Le sprint final est lancé, nous voici donc au Cambodge pour les dix derniers jours du voyage. Comme le temps nous est compté, on a sélectionné trois étapes, les deux plus grandes villes du pays et les temples d’Angkor.
On commence par une journée dans la capitale où on retient principalement la visite des camps de torture des khmers rouges où un guide nous retrace l’histoire du pays pendant ces années noires. C’est pas très joyeux mais vraiment intéressant et nous permet dès notre arrivée de mieux comprendre le pays. Le musée est en fait un ancien lycée qui avait été récupéré par les khmers rouges pour torturer ceux qu’ils considéraient comme leurs opposants (c’est-à-dire à peu près tout le monde). Photos, instruments, tombes des dernières victimes retrouvées le jour de la libération et même deux survivants (sur 8 seulement à l’époque) qui dédicacent leurs bouquins dans la cour.

Ensuite on visite le palais royal, enfin une partie seulement puisque celui-ci est fermé à cause du décès du roi il y a deux mois. Beaucoup de cambodgiens viennent se recueillir devant le palais où est suspendu un poster géant. Des gens vendent des photos du roi un peu partout, l’ambiance est assez spéciale. Les funérailles auront lieu dans trois mois et un chantier immense était en cours juste à côté du palais pour accueillir la dépouille du roi.



Ensuite départ pour Battambang avec un bus annoncé à 4h dans le guide, 6h au départ et qui finalement en met pas loin de 7. On regrette un peu les bus de nuit birmans qui terminaient toujours avec deux heures d’avance et qui nous faisaient économiser pas mal de temps.
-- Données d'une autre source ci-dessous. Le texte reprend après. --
lemma phi0_le:
  assumes "H = a * t + 1" "real n \<le> real t * real (card R)" "0 < t" "\<rho>^a \<le> (1 - \<rho>) / 64"
  shows "\<phi>\<^sub>0 \<le> 1/64"
proof -
  have "\<phi>\<^sub>0 = real n / real (card R) * (\<rho>^a)^t / (1 - \<rho>)"
    unfolding \<phi>\<^sub>0_def using assms(1) by (simp add: power_mult)
  also have "\<dots> \<le> real t * (\<rho>^a)^t / (1 - \<rho>)"
    using assms(2) card_R_pos rho_pos rho_less_1
    by (intro divide_right_mono mult_right_mono) (auto simp: field_simps)
  also have "\<dots> \<le> \<rho>^a / (1 - \<rho>)"
    using assms(3,4) rho_pos rho_less_1
    by (intro divide_right_mono of_nat_mult_power_le) auto
  also have "\<dots> \<le> 1/64"
    using assms(4) rho_less_1 by (simp add: field_simps)
  finally show ?thesis .
qed

lemma w0_le:
  assumes "H = a * t + 1" "real n \<le> real t * real (card R)" "0 < t"
  shows "w\<^sub>0 \<le> real t * (1 + \<kappa> * (real a + 2)) / (1 - \<rho>)"
proof -
  have "w\<^sub>0 = (real n / real (card R) * (1 + \<kappa>) + \<kappa> * real H) / (1 - \<rho>)"
    using card_R_pos by (simp add: w\<^sub>0_def field_simps)
  also have "\<dots> \<le> (real t * (1 + \<kappa>) + \<kappa> * (real t * (real a + 1))) / (1 - \<rho>)"
    using assms card_R_pos kappa_ge_1 rho_less_1
    by (intro divide_right_mono add_mono mult_right_mono mult_left_mono)
       (auto simp: field_simps)
  also have "\<dots> = real t * (1 + \<kappa> * (real a + 2)) / (1 - \<rho>)"
    by (simp add: algebra_simps)
  finally show ?thesis .
qed


lemma walk_fail_le_1_32:
  assumes "H = a * t + 1" "real n \<le> real t * real (card R)" "0 < t"
    and "\<rho>^a \<le> (1 - \<rho>) / 64" "64 * ((1 + \<kappa> * (real a + 2)) / (1 - \<rho>)) \<le> real b"
  shows "1 - succ_prob R err (counter_walk n H (b * t) 0 0) \<le> 1/32"
proof -
  define K where "K = (1 + \<kappa> * (real a + 2)) / (1 - \<rho>)"
  have K: "0 < K" "64 * K \<le> real b"
    using assms(5) kappa_ge_1 rho_less_1 by (simp_all add: K_def add_pos_nonneg)
  then have "0 < b * t"
    using assms(3) by simp
  then have "1 - succ_prob R err (counter_walk n H (b * t) 0 0) \<le> \<phi>\<^sub>0 + w\<^sub>0 / real (b * t)"
    using walk_fail_le[of "b * t" 0 0] H_ge_2 by (simp add: Phi_0 Psi_0)
  also have "w\<^sub>0 / real (b * t) \<le> (real t * K) / (64 * K * real t)"
  proof (rule frac_le)
    show "w\<^sub>0 \<le> real t * K"
      using w0_le[OF assms(1-3)] by (simp add: K_def)
    show "64 * K * real t \<le> real (b * t)"
      using K by (simp add: mult_right_mono)
  qed (use K assms(3) in auto)
  finally show ?thesis
    using phi0_le[OF assms(1-4)] K assms(3) by simp
qed
end

lemma nat_ceiling_divide_bounds:
  assumes "0 < k" "k \<le> n"
  shows "0 < nat \<lceil>real n / real k\<rceil>" "real n \<le> real (nat \<lceil>real n / real k\<rceil>) * real k"
proof -
  have "real n = real n / real k * real k"
    using assms(1) by simp
  also have "\<dots> \<le> real (nat \<lceil>real n / real k\<rceil>) * real k"
    by (intro mult_right_mono real_nat_ceiling_ge) auto
  finally show "real n \<le> real (nat \<lceil>real n / real k\<rceil>) * real k" .
  show "0 < nat \<lceil>real n / real k\<rceil>"
    using assms by simp
qed

definition sample_walk :: "nat \<Rightarrow> nat \<Rightarrow> nat \<Rightarrow> nat \<Rightarrow> alg" where
  "sample_walk a b k n =
     counter_walk n (a * nat \<lceil>real n / real k\<rceil> + 1) (b * nat \<lceil>real n / real k\<rceil>) 0 0"

lemma time_sample_walk: "time (sample_walk a b k n) \<le> b * nat \<lceil>real n / real k\<rceil>"
  by (simp add: sample_walk_def time_counter_walk)

lemma (in noise_bound) exists_good_sample_walk:
  "\<exists>a b. 0 < b \<and> (\<forall>n R err. R \<subseteq> {..<n} \<longrightarrow> R \<noteq> {} \<longrightarrow> valid_noise p err \<longrightarrow>
      1 - succ_prob R err (sample_walk a b (card R) n) \<le> 1/32)"
proof -
  obtain a0 where a0: "\<rho>^a0 < (1 - \<rho>) / 64"
    using real_arch_pow_inv[of "(1 - \<rho>) / 64" \<rho>] rho_less_1 by auto
  define a where "a = Suc a0"
  have "\<rho>^a \<le> \<rho>^a0"
    using rho_pos rho_less_1 by (simp add: a_def mult_left_le_one_le)
  with a0 have a: "\<rho>^a \<le> (1 - \<rho>) / 64"
    by simp
  define b where "b = nat \<lceil>64 * ((1 + \<kappa> * (real a + 2)) / (1 - \<rho>))\<rceil>"
  have "1 - succ_prob R err (sample_walk a b (card R) n) \<le> 1/32"
    if R: "R \<subseteq> {..<n}" "R \<noteq> {}" and noise: "valid_noise p err" for n R err
  proof -
    define t where "t = nat \<lceil>real n / real (card R)\<rceil>"
    have "0 < card R" "card R \<le> n"
      using R finite_subset card_mono[OF finite_lessThan R(1)] by (auto simp: card_gt_0_iff)
    then have t: "0 < t" "real n \<le> real t * real (card R)"
      unfolding t_def by (rule nat_ceiling_divide_bounds)+
    interpret W: counter_walk_analysis p n "a * t + 1" R err
      using R noise t by unfold_locales (auto simp: a_def)
    show ?thesis
      unfolding sample_walk_def t_def[symmetric]
      by (rule W.walk_fail_le_1_32[OF refl t(2,1) a]) (unfold b_def, rule real_nat_ceiling_ge)
  qed
  moreover have "0 < b"
    using kappa_ge_1 rho_less_1 by (simp add: b_def add_pos_nonneg)
  ultimately show ?thesis
    by blast
qed

section \<open>Amplification\<close>

definition irrelevant_count :: "nat set \<Rightarrow> nat list \<Rightarrow> nat" where
  "irrelevant_count R ys = length (filter (\<lambda>x. x \<notin> R) ys)"

text \<open>The last term is at least \<open>1\<close> unless at least three quarters of \<open>ys\<close> are relevant.\<close>

lemma succ_prob_relabel_majority:
  fixes c p :: real and A :: "nat \<Rightarrow> alg"
  assumes A_correct: "\<And>N R err. R \<subseteq> {..<N} \<Longrightarrow> real (card R) \<ge> 3/4 * real N \<Longrightarrow>
      valid_noise p err \<Longrightarrow> succ_prob R err (A N) \<ge> 1 - c powr (- real N)"
    and "0 \<le> p" "valid_noise p err" "length ys = M"
  shows "succ_prob R err (relabel ys (A M))
    \<ge> 1 - c powr (- real M) - 16 ^ irrelevant_count R ys / 2 ^ M"
proof (cases "4 * irrelevant_count R ys \<le> M")
  case True
  define R' where "R' = {i. i < length ys \<and> ys ! i \<in> R}"
  define err' where "err' = (\<lambda>i. if i < length ys then err (ys ! i) else 0)"
  have "card R' + irrelevant_count R ys = M"
    using sum_length_filter_compl[of "\<lambda>x. x \<in> R" ys] assms(4)
    by (simp add: R'_def irrelevant_count_def length_filter_conv_card)
  then have "succ_prob R' err' (A M) \<ge> 1 - c powr (- real M)"
    using True assms(2-4)
    by (intro A_correct) (auto simp: R'_def err'_def valid_noise_def)
  moreover have "succ_prob R' err' (A M) \<le> succ_prob R err (relabel ys (A M))"
    unfolding R'_def err'_def by (rule succ_prob_relabel_ge)
  moreover have "0 \<le> 16 ^ irrelevant_count R ys / (2 ^ M :: real)"
    by simp
  ultimately show ?thesis
    by linarith
next
  case False
  have "(2::real) ^ M \<le> 16 ^ irrelevant_count R ys"
    using False power_increasing[of M "4 * irrelevant_count R ys" "2::real"]
    by (simp add: power_mult)
  then have "1 \<le> 16 ^ irrelevant_count R ys / (2 ^ M :: real)"
    by simp
  then show ?thesis
    using succ_prob_nonneg[of R err "relabel ys (A M)"] powr_ge_zero[of c "- real M"]
    by linarith
qed

lemma expectation_ge_if_mem:
  fixes M :: "'a pmf" and f :: "'a \<Rightarrow> real"
  assumes "\<And>x. (if x \<in> R then \<alpha> else \<beta>) \<le> f x" "\<And>x. \<bar>f x\<bar> \<le> B"
  shows "\<alpha> * measure_pmf.prob M R + \<beta> * (1 - measure_pmf.prob M R) \<le> measure_pmf.expectation M f"
proof -
  have int_const: "integrable M (\<lambda>x. \<beta>)"
    by (rule measure_pmf.integrable_const_bound[where B="\<bar>\<beta>\<bar>"]) auto
  have int_ind: "integrable M (\<lambda>x. (\<alpha> - \<beta>) * indicator R x)"
    by (rule measure_pmf.integrable_const_bound[where B="\<bar>\<alpha> - \<beta>\<bar>"])
       (auto simp: abs_mult indicator_def)
  have "measure_pmf.expectation M (\<lambda>x. \<beta>) = \<beta>"
    by (simp add: measure_pmf.prob_space)
  moreover have "measure_pmf.expectation M (\<lambda>x. (\<alpha> - \<beta>) * indicator R x)
      = (\<alpha> - \<beta>) * measure_pmf.prob M R"
    by simp
  ultimately have "\<alpha> * measure_pmf.prob M R + \<beta> * (1 - measure_pmf.prob M R)
      = measure_pmf.expectation M (\<lambda>x. \<beta>) + measure_pmf.expectation M (\<lambda>x. (\<alpha> - \<beta>) * indicator R x)"
    by (simp add: algebra_simps)
  also have "\<dots> = measure_pmf.expectation M (\<lambda>x. \<beta> + (\<alpha> - \<beta>) * indicator R x)"
    by (rule Bochner_Integration.integral_add[OF int_const int_ind, symmetric])
  also have "\<dots> \<le> measure_pmf.expectation M f"
  proof (intro integral_mono Bochner_Integration.integrable_add[OF int_const int_ind])
    show "integrable M f"
      using assms(2) by (intro measure_pmf.integrable_const_bound[where B=B]) auto
    show "\<beta> + (\<alpha> - \<beta>) * indicator R x \<le> f x" for x
      using assms(1)[of x] by (cases "x \<in> R") auto
  qed
  finally show ?thesis .
qed

text \<open>An exponential moment bound: each sample is irrelevant with probability at most \<open>1/32\<close>,
  so it multiplies \<open>16 ^ irrelevant_count\<close> by at most \<open>1 + 15/32 \<le> 3/2\<close> in expectation.\<close>

lemma succ_prob_collect_samples:
  assumes T: "1 - succ_prob R err T \<le> 1/32"
    and F: "\<And>ys. length ys = M \<Longrightarrow> succ_prob R err (F ys) \<ge> 1 - \<gamma> - 16 ^ irrelevant_count R ys / 2 ^ M"
    and "length xs + j = M"
  shows "succ_prob R err (collect_samples T F j xs)
    \<ge> 1 - \<gamma> - 16 ^ irrelevant_count R xs * (3/2) ^ j / 2 ^ M"
  using assms(3)
proof (induction j arbitrary: xs)
  case (Suc j)
  define Z where "Z = 16 ^ irrelevant_count R xs * (3/2) ^ j / (2 ^ M :: real)"
  let ?P = "measure_pmf.prob (run R err T) R"
  have step: "(if x \<in> R then 1 - \<gamma> - Z else 1 - \<gamma> - 16 * Z)
      \<le> succ_prob R err (collect_samples T F j (xs @ [x]))" for x
    using Suc.IH[of "xs @ [x]"] Suc.prems
    by (cases "x \<in> R") (simp_all add: irrelevant_count_def Z_def)
  have Z: "0 \<le> Z"
    by (simp add: Z_def)
  have "(1 - \<gamma> - Z) * ?P + (1 - \<gamma> - 16 * Z) * (1 - ?P)
      \<le> succ_prob R err (collect_samples T F (Suc j) xs)"
    unfolding collect_samples.simps succ_prob_alg_bind
    by (rule expectation_ge_if_mem[where B=1, OF step])
       (use succ_prob_nonneg succ_prob_le_1 in \<open>auto simp: abs_le_iff\<close>)
  moreover have "(1 - \<gamma> - Z) * ?P + (1 - \<gamma> - 16 * Z) * (1 - ?P) = 1 - \<gamma> - Z - 15 * Z * (1 - ?P)"
    by (simp add: algebra_simps)
  moreover have "15 * Z * (1 - ?P) \<le> 15 * Z * (1/32)"
    using T Z by (intro mult_left_mono) (auto simp: succ_prob_def)
  moreover have "16 ^ irrelevant_count R xs * (3/2) ^ Suc j / (2 ^ M :: real) = Z * (3/2)"
    by (simp add: Z_def)
  ultimately show ?case
    using Z by linarith
qed (use F in simp)

lemma succ_prob_amplify:
  fixes c p :: real and A :: "nat \<Rightarrow> alg"
  assumes A_correct: "\<And>N R err. R \<subseteq> {..<N} \<Longrightarrow> real (card R) \<ge> 3/4 * real N \<Longrightarrow>
      valid_noise p err \<Longrightarrow> succ_prob R err (A N) \<ge> 1 - c powr (- real N)"
    and "0 \<le> p" "valid_noise p err" "1 - succ_prob R err T \<le> 1/32"
  shows "succ_prob R err (collect_samples T (\<lambda>ys. relabel ys (A M)) M [])
    \<ge> 1 - c powr (- real M) - (4/3) powr (- real M)"
proof -
  have "succ_prob R err (collect_samples T (\<lambda>ys. relabel ys (A M)) M [])
      \<ge> 1 - c powr (- real M) - 16 ^ irrelevant_count R [] * (3/2) ^ M / 2 ^ M"
    by (rule succ_prob_collect_samples[OF assms(4)
          succ_prob_relabel_majority[OF A_correct assms(2,3)]]) simp_all
  moreover have "16 ^ irrelevant_count R [] * (3/2) ^ M / 2 ^ M = (3/4 :: real) ^ M"
    by (simp add: irrelevant_count_def power_divide[symmetric])
  moreover have "(3/4 :: real) ^ M = (4/3) powr (- real M)"
    by (simp add: powr_minus powr_realpow power_inverse[symmetric])
  ultimately show ?thesis
    by simp
qed

section \<open>Retrieval\<close>

lemma real_nat_ceiling_le_add_one: "0 \<le> x \<Longrightarrow> real (nat \<lceil>x\<rceil>) \<le> x + 1"
  using of_int_ceiling_le_add_one[of x] by (simp add: of_nat_nat)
À l’arrivée, quand t’es bien usé par ton trajet, les chauffeurs de tuk tuk les plus lourds du sud-est asiatique viennent en rajouter une couche en te harcelant pendant un quart d’heure pour t’emmener dans ton hôtel que tu connais pas encore puisque tu n’as rien réservé.
On se réserve une petite journée dans la campagne autour de Battambang en tuk tuk avec Tong, un supporter du psg qui a l’air bien sympa (même si je doute un peu de son amour pour ce club à l’époque où il terminait 15ème tous les ans). Le lendemain, pas de Tong à l’horizon (ne jamais faire confiance à un supporter parisien!) et c’est Ting le père de Tong qui se pointe puisque Tong est à l’école (genre il le savait pas la veille…). Et finalement je pense qu’on y gagne au change (en dehors des considérations footbalistiques) car l’ami Ting a la cinquantaine et du coup fait partie des gens qui ont vécu la période des khmers rouges.

On passe une super journée à 15 à l’heure sur les petites pistes de campagne avec notre chauffeur qui s’arrête un peu partout pour nous raconter des anecdotes : le no2 khmer rouge qui a habité dans son village pendant des années avant d’être enfin jugé, les rizières qui ont remplacé les forêts et Ting faisait partie des bûcherons forcés, l’école transformée en pseudo hôpital où il a perdu parents et frères et soeurs… C’est pas drôle mais ça montre à quel point tout le monde à été touché et la population décimée. Entre deux anecdotes historiques, on visite deux temples et des grottes qui étaient utilisées pour tuer les opposants au régime.

Le lendemain, on prend le bateau pour rejoindre Siem Reap. 9h de trajet sur un bateau surchargé (une quinzaine de personnes forcées de voyager sur le toit en plein soleil). Une rivière tout d’abord avec des villages flottants ou sur pilotis de part et d’autres puis la traversée de l’immense lac du Tonle Sap.